*** Opening PROVIDED MATERIAL ***

(* In the setting of the context, for any $n\ge N_p$ and $x\ge1$, letting $r_0=n^\eta+2\big(R+\frac{\exp(2\beta R)-1}{2\beta}\big)(K-1)(3+A(n))$, it holds that $$\mathbb{P}[n\bar\rho_n-n\mu^*\ge r_0x]\le\frac{\theta}{x^\xi}+\frac{2(K-1)}{(\alpha-1)\big((1+A(n))x\big)^{\alpha-1}},$$ $$\mathbb{P}[n\bar\rho_n-n\mu^*\le -r_0x]\le\frac{\theta}{x^\xi}+\frac{2(K-1)}{(\alpha-1)\big((1+A(n))x\big)^{\alpha-1}}.$$
   Context: Bandit with $K$ arms; for each arm $i$ a sequence of (possibly non-stationary) random costs $(x_{i,t})_{t\ge1}$ in $[-R,R]$, $x_{i,t}$ being the cost at the $t$-th pull of arm $i$. Fix $\beta>0$, $\hat\rho_{i,n}=\frac1\beta\ln(\frac1n\sum_{t=1}^n e^{\beta x_{i,t}})$, $\mu_{i,n}=\mathbb{E}[\hat\rho_{i,n}]$. Assumption: for every $i$, $\lim_n\mu_{i,n}=\mu_i$ exists and for all $z\ge1$, $n\in\mathbb{N}$: $\mathbb{P}[n\hat\rho_{i,n}-n\mu_i\ge n^\eta z]\le\theta/z^\xi$ and $\mathbb{P}[n\hat\rho_{i,n}-n\mu_i\le -n^\eta z]\le\theta/z^\xi$, with $\xi>1$, $1/2\le\eta<1$, and $\theta>1$ large enough that $2\theta^{1/\xi}/\Delta_{\min}>1$. There is a unique arm $i^*$ attaining $\mu^*=\min_i\mu_i$; $\Delta_i=\mu_i-\mu^*$, $\Delta_{\min}=\min_{i\ne i^*}\Delta_i$. The parameter $\alpha>2$ satisfies $\xi\eta(1-\eta)\le\alpha<\xi(1-\eta)$. Algorithm: pull each arm once, then at timestep $t$ pull $\arg\min_i\{\hat\rho_{i,T_i(t-1)}-b_{t,T_i(t-1)}\}$ with $b_{t,s}=\theta^{1/\xi}t^{\alpha/\xi}/s^{1-\eta}$, where $T_i(n)$ is the number of pulls of arm $i$ during timesteps $1,\dots,n$. $\bar\rho_n=\frac1n\sum_iT_i(n)\hat\rho_{i,T_i(n)}$. $A(t)=\big\lceil\big(\frac{2}{\Delta_{\min}}\theta^{1/\xi}t^{\alpha/\xi}\big)^{1/(1-\eta)}\big\rceil$ and $N_p=\min\{t\in\mathbb{N}:t\ge A(t)\}$. *)

theory Defs
  imports "HOL-Probability.Probability"
begin

text \<open>Arms are indexed 0,...,K-1; c i t w is the cost observed at the t-th pull
 (t >= 1) of arm i in outcome w.  The policy I t w is the arm pulled at timestep t.\<close>

definition rho_hat :: "real \<Rightarrow> (nat \<Rightarrow> nat \<Rightarrow> 'a \<Rightarrow> real) \<Rightarrow> nat \<Rightarrow> nat \<Rightarrow> 'a \<Rightarrow> real" where
  "rho_hat \<beta> c i n w = (1 / \<beta>) * ln ((1 / real n) * (\<Sum>t=1..n. exp (\<beta> * c i t w)))"

definition bonus :: "real \<Rightarrow> real \<Rightarrow> real \<Rightarrow> real \<Rightarrow> nat \<Rightarrow> nat \<Rightarrow> real" where
  "bonus \<theta> \<xi> \<alpha> \<eta> t s = \<theta> powr (1 / \<xi>) * real t powr (\<alpha> / \<xi>) / real s powr (1 - \<eta>)"

definition pull_count :: "(nat \<Rightarrow> 'a \<Rightarrow> nat) \<Rightarrow> nat \<Rightarrow> nat \<Rightarrow> 'a \<Rightarrow> nat" where
  "pull_count I i n w = card {t \<in> {1..n}. I t w = i}"

definition rho_bar :: "real \<Rightarrow> (nat \<Rightarrow> nat \<Rightarrow> 'a \<Rightarrow> real) \<Rightarrow> nat \<Rightarrow> (nat \<Rightarrow> 'a \<Rightarrow> nat) \<Rightarrow> nat \<Rightarrow> 'a \<Rightarrow> real" where
  "rho_bar \<beta> c K I n w =
     (1 / real n) * (\<Sum>i<K. real (pull_count I i n w) * rho_hat \<beta> c i (pull_count I i n w) w)"

definition A_fun :: "real \<Rightarrow> real \<Rightarrow> real \<Rightarrow> real \<Rightarrow> real \<Rightarrow> nat \<Rightarrow> nat" where
  "A_fun \<Delta> \<theta> \<xi> \<alpha> \<eta> t =
     nat \<lceil>((2 / \<Delta>) * \<theta> powr (1 / \<xi>) * real t powr (\<alpha> / \<xi>)) powr (1 / (1 - \<eta>))\<rceil>"

definition N_p :: "real \<Rightarrow> real \<Rightarrow> real \<Rightarrow> real \<Rightarrow> real \<Rightarrow> nat" where
  "N_p \<Delta> \<theta> \<xi> \<alpha> \<eta> = (LEAST t. 1 \<le> t \<and> A_fun \<Delta> \<theta> \<xi> \<alpha> \<eta> t \<le> t)"

end

theory Submission
  imports Defs
begin

text \<open>
  Since m rho_hat(i, m) changes by at most R + (exp(2\<beta>R) - 1)/\<beta>
  per additional sample, on the event that no suboptimal arm was pulled more than
  a = (3 + A(n)) x times, n rho_bar(n) is within (K - 1) a (2R + (exp(2\<beta>R) - 1)/\<beta>) of
  n rho_hat(i*, n), whose deviation the concentration hypothesis bounds by \<theta>/x^\<xi>.
  A suboptimal arm pulled more than a times had more than A(n) samples at its last pull,
  so its bonus was then below \<Delta>/2, and the index rule forces its own estimate or that of
  the optimal arm to be off by the respective bonus. At the deviation level
  \<theta>^(1/\<xi>) y^(\<alpha>/\<xi>) the concentration hypothesis gives probability y^(-\<alpha>); summing over
  the possible sample sizes and comparing with the integral of y^(-\<alpha>) bounds the
  probability of overpulling an arm by 2 a^(1-\<alpha>)/(\<alpha> - 1).
\<close>

section \<open>Power sums and a logarithmic inequality\<close>

lemma powr_minus_le_diff_powr:
  fixes y \<alpha> :: real
  assumes "1 < y" "1 < \<alpha>"
  shows "y powr - \<alpha> \<le> ((y - 1) powr (1 - \<alpha>) - y powr (1 - \<alpha>)) / (\<alpha> - 1)"
proof -
  have "\<exists>z. y - 1 < z \<and> z < y \<and>
      y powr (1 - \<alpha>) - (y - 1) powr (1 - \<alpha>) = (y - (y - 1)) * ((1 - \<alpha>) * z powr (1 - \<alpha> - 1))"
  proof (intro MVT2)
    fix u assume "y - 1 \<le> u" "u \<le> y"
    then show "((\<lambda>z. z powr (1 - \<alpha>)) has_real_derivative (1 - \<alpha>) * u powr (1 - \<alpha> - 1)) (at u)"
      using assms by (intro has_real_derivative_powr) auto
  qed simp
  then obtain z where z: "y - 1 < z" "z < y"
    and mvt: "y powr (1 - \<alpha>) - (y - 1) powr (1 - \<alpha>) = (1 - \<alpha>) * z powr - \<alpha>"
    by auto
  have "y powr - \<alpha> \<le> z powr - \<alpha>"
    using z assms by (intro powr_mono2') auto
  also have "z powr - \<alpha> = ((y - 1) powr (1 - \<alpha>) - y powr (1 - \<alpha>)) / (\<alpha> - 1)"
    using mvt assms by (simp add: field_simps)
  finally show ?thesis .
qed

*** Closing PROVIDED MATERIAL ***

:: TASK ITEM ::
Among the entries above, how many lines include the word "close"? Give the number with no comment.

:: RESULT OF THE TASK ::
3